When walking makes your legs hurt
Fitness experts used to stress the benefits of heavy-duty aerobic exercise. But the message changed to moderation after a number of studies showed that physical activity that’s far less taxing is associated with lower rates of heart disease, some cancers, and several other illnesses — if it’s done regularly. Plain old walking usually tops the moderate-intensity exercise list because it’s easy, convenient, and free, and it requires minimal equipment — a comfortable pair of shoes. The trouble is that walking isn’t so easy for everyone.
This article looks at three nonarthritic conditions that cause leg pain and may affect walking, and some ways to treat and manage them.
1. Peripheral artery disease
Peripheral artery disease is a form of atherosclerosis. Fat- and cholesterol-filled plaque narrows arteries, and blood clots can collect on the plaque, narrowing them further. In peripheral artery disease, the arteries affected by atherosclerosis tend to be the ones that supply the leg muscles. The classic symptom is cramping, tight pain that’s felt in muscles “downstream” from the narrowed artery. It can occur in the buttocks, thigh, calf, or foot, but occurs most often in the calf. The pain tends to come on with walking, get worse until the person stops walking, and go away with rest. Similar to angina, the pain caused by peripheral artery disease comes from working muscle cells that are “starved” for oxygen because of obstructed blood flow.
Signs of peripheral artery disease include a diminished pulse below the narrowed artery, scratches and bruises in the lower leg that won’t heal, and pale and cool skin. The diagnosis usually depends on the ankle-brachial index, which compares the blood pressure at the ankle to the blood pressure at the arm.
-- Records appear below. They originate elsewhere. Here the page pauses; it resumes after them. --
lemma L_factor_subdiag_eq_tauA:
  fixes g :: "nat \<Rightarrow> nat \<Rightarrow> real"
  assumes gb: "gauss_borel N (mat N N (\<lambda>(i,j). g i j)) L U"
    and gbc: "gauss_borel N (mat N N (\<lambda>(i,j). g i (j+c))) Lc Uc"
    and gba: "gauss_borel N (mat N N (\<lambda>(i,j). g i (j + Suc c))) La Ua"
    and p: "Suc c \<le> p" and n: "n + Suc c < N"
  shows "(Lc * minv La) $$ (n+1, n)
    = - (tauA p N U c (n+2) * tauA p N U (Suc c) n) / (tauA p N U c (n+1) * tauA p N U (Suc c) (n+1))"
proof -
  define D where "D a k = det (mat k k (\<lambda>(i,j). g i (j+a)))" for a k
  define \<sigma> where "\<sigma> a = (signof (reverse_perm a) :: real)" for a
  have tau: "tauA p N U a m = \<sigma> a * ((-1)^(a*m) * D a m / D 0 (m+a))"
    if "a \<le> Suc c" "m + a \<le> N" for a m
    using tauA_eq_U_block[OF gauss_borel_U(1)[OF gb]] gauss_borel_U_block_minor[OF gb] that p
    by (simp add: D_def \<sigma>_def)
  have \<sigma>_nonzero: "\<sigma> a \<noteq> 0" for a by (simp add: \<sigma>_def)
  have minor_nonzero: "D a k \<noteq> 0"
    if "gauss_borel N (mat N N (\<lambda>(i,j). g i (j+a))) L\<^sub>a U\<^sub>a" "k \<le> N" for a k L\<^sub>a U\<^sub>a
    using gauss_borel_leading_minor_nonzero[OF that] that(2) by (simp add: D_def leading_submatrix_mat)
  have diag: "U\<^sub>a $$ (m,m) = D a m / D a (Suc m)"
    if "gauss_borel N (mat N N (\<lambda>(i,j). g i (j+a))) L\<^sub>a U\<^sub>a" "m < N" for a m L\<^sub>a U\<^sub>a
    using gauss_borel_diag[OF that] that(2) by (simp add: D_def leading_submatrix_mat)
  have gb0: "gauss_borel N (mat N N (\<lambda>(i,j). g i (j+0))) L U" using gb by simp
  have "gauss_borel N (mat N N (\<lambda>(i,j). g i (Suc j + c))) La Ua" using gba by simp
  then have "(Lc * minv La) $$ (Suc n, n) = Ua $$ (n,n) / Uc $$ (Suc n, Suc n)"
    using gauss_borel_col_shift_subdiag[of N "\<lambda>i j. g i (j + c)"] gbc n by simp
  also have "\<dots> = (D (Suc c) n / D (Suc c) (Suc n)) / (D c (Suc n) / D c (Suc (Suc n)))"
    using diag[OF gbc, of "Suc n"] diag[OF gba, of n] n by simp
  also have "\<dots> = - (tauA p N U c (n+2) * tauA p N U (Suc c) n) /
      (tauA p N U c (n+1) * tauA p N U (Suc c) (n+1))"
    using n \<sigma>_nonzero minor_nonzero[OF gb0] minor_nonzero[OF gbc] minor_nonzero[OF gba]
    by (simp add: tau field_simps power_add)
  finally show ?thesis by simp
qed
Researchers have found that tightly structured, supervised exercise programs can help people increase the amount they can walk before the pain kicks in. These programs usually involve walking till it hurts (which may be only for a few minutes), resting till the pain goes away, and then walking again.
Cilostazol (Pletal), a drug that widens blood vessels, and pentoxifylline (Pentoxil, Trental), which decreases the viscosity of blood, can sometimes help improve pain-free walking distance, but both drugs have side effects, so there’s a downside that needs to be taken into consideration.
If peripheral artery disease is serious, or isn’t improving with exercise and medication, doctors can reopen the blocked artery with angioplasty or use part of a blood vessel from elsewhere in the body to reroute circulation around the blockage. But the track record of these revascularization procedures is mixed, and some studies suggest that the results from a structured exercise program can be as good, or even better.
2. Chronic venous insufficiency
Like peripheral artery disease, chronic venous insufficiency is a condition of poor circulation, but it involves the veins and the blood’s return trip back to the heart and lungs.
In people with chronic venous insufficiency, the valves that even out the pressure and keep blood from flowing backward are damaged, so blood tends to pool in the legs and feet instead of traveling “north” to the heart. Symptoms include swelling, inflammation of the skin (dermatitis) and the connective tissue underneath (cellulitis), and ulcerated, open wounds on the bony “bumps” of the ankle. Legs may feel achy or heavy. And when people walk, they may feel a tight, “bursting” pain, most often in the groin or thigh.
The symptoms from a mild case of chronic venous insufficiency can be helped by lying on your back and using a pillow to elevate your legs so blood flows downhill to the heart. If you’re sitting for long periods, pointing your toes up and down several times can flex the vein-pumping leg muscles. More serious cases needed to be treated with compression stockings that squeeze harder at the ankle than at the knee. There aren’t any medications for chronic venous insufficiency. Surgical treatments are reserved for the most serious cases.
3. Lumbar spinal stenosis
Spinal stenosis can occur anywhere along the spine as a result of the vertebrae, the disks between them, or their supporting structures impinging on the tube-like spinal canal that holds the spinal cord and the roots of the nerves that branch off of it. Pain comes from the mechanical pressure, and perhaps also from the pinching off of the blood supply that nerves need.
When spinal stenosis occurs in the lumbar region, lower back pain can be a symptom but often it’s the legs that are affected. The pain can resemble the pain caused by peripheral artery disease: cramping tightness that increases with walking, although it’s often felt in the thigh rather than the calf. The legs may also feel weak and numb.
The diagnosis starts with discussion of symptoms and medical history. One important clue is whether the pain eases when the back is curved forward, or flexed. That posture tends to take pressure off the lumbar region.
An MRI or CT scan will often be ordered to confirm a diagnosis, but imaging studies shouldn’t be used to make one. Many people have spinal stenosis that shows up on an imaging study but doesn’t cause any symptoms.
Treatment usually begins with physical therapy and exercises aimed at strengthening back and abdominal muscles. Pain relievers may help. Growing numbers of older patients are getting corticosteroid injections into the spine. If the pain persists, surgery is an option.